In our previous study, the pre-chlorite treatment of jute fiber before degumming has been reported to lighten the burden of degumming and enhance delignification20. In this paper, we report the chemical degumming of the pre-chlorite treated jute fiber. Both the gum decomposition and the spinnabilities viz. fineness, breaking strength and breaking extension were tested to optimize the conditions for degumming.
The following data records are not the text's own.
theorem lemma4p4:
  shows "\<exists>C::real. \<forall>n m :: nat. \<forall>p.
     n \<ge> 1 \<longrightarrow> m \<ge> 2 \<longrightarrow> m dvd n \<longrightarrow> p permutes {1..n} \<longrightarrow>
     real (card {P \<in> uniform_partitions n m. perm_act_partition p P = P})
       \<le> real m powr (C * real n) *
         real (num_cycles p n) powr ((1 - 1 / real m) * real (num_cycles p n))"
proof (intro exI[of _ 2] allI impI)
  fix n m :: nat and p :: "nat \<Rightarrow> nat"
  assume n: "n \<ge> 1" and m: "m \<ge> 2" and "m dvd n" and p: "p permutes {1..n}"
  let ?K = "real (num_cycles p n) powr ((1 - 1 / real m) * real (num_cycles p n))"
  let ?Y = "{P. partition_on {1..n} P \<and> (\<forall>B\<in>P. card B \<le> m) \<and> (\<forall>B\<in>P. p ` B \<in> P)}"
  have "{P \<in> uniform_partitions n m. perm_act_partition p P = P} \<subseteq> ?Y"
    unfolding uniform_partitions_def perm_act_partition_def by auto
  moreover have "finite ?Y"
    by (rule finite_subset[OF _ finitely_many_partition_on[of "{1..n}"]]) auto
  ultimately have "real (card {P \<in> uniform_partitions n m. perm_act_partition p P = P})
                     \<le> real (card ?Y)"
    by (simp add: card_mono)
  also have "\<dots> \<le> 4 ^ n * ?K"
    using card_invariant_partitions_le[of "{1..n}" p m] n p by (simp add: num_cycles_def)
  also have "\<dots> \<le> real m powr (2 * real n) * ?K"
  proof (rule mult_right_mono)
    have "(4::real) ^ n = 2 powr (2 * real n)"
      by (simp add: powr_realpow power_mult flip: powr_powr)
    also have "\<dots> \<le> real m powr (2 * real n)"
      using m by (intro powr_mono2) auto
    finally show "(4::real) ^ n \<le> real m powr (2 * real n)" .
  qed simp
  finally show "real (card {P \<in> uniform_partitions n m. perm_act_partition p P = P})
                  \<le> real m powr (2 * real n) * ?K" .
qed

end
Changes in the constituent content of the treated jute fiber were also analyzed.

Materials and Method:
Materials
Jute:
Lightly combed and dewaxed raw jute fiber.

Chemicals:
Sodium chlorite and sodium silicate, Acetic acid, sodium acetate, sodium hydroxide and sulphuric acid , Penetrating agent TF-107B and degumming agent TF-125A .

Methods
Pre-chlorite treatment
The samples were treated in a bath with sodium chlorite 1.5g/L, pH 3, liquor ratio 1:10, and kept at 30℃ for 30 min. and then thoroughly washed.

Scouring
The pre-chlorite treated jute fiber was treated with sodium hydroxide 5-30g/L, sodium silicate 1.0-5.0g/L, TF-107B 0.5-6.0g/L, TF-125A 1.0-8.0g/L, and kept at 60-100℃ for 60-240 min. with fiber to liquor ratio 1:10-1:40. At the end of the desired treatment, the fibers were neutralized with sulphuric acid, and then thoroughly washed with distilled water.

Testing
Breaking strength and breaking extension were tested using a XQ-1 fiber breaking strength machine in a constant 20℃ temperature and 65% relative humidity room (in accordance with ASTM Method D-5035). The fineness was tested according to GB/T12411.3. The constituent contents were tested according to GB/5889–86.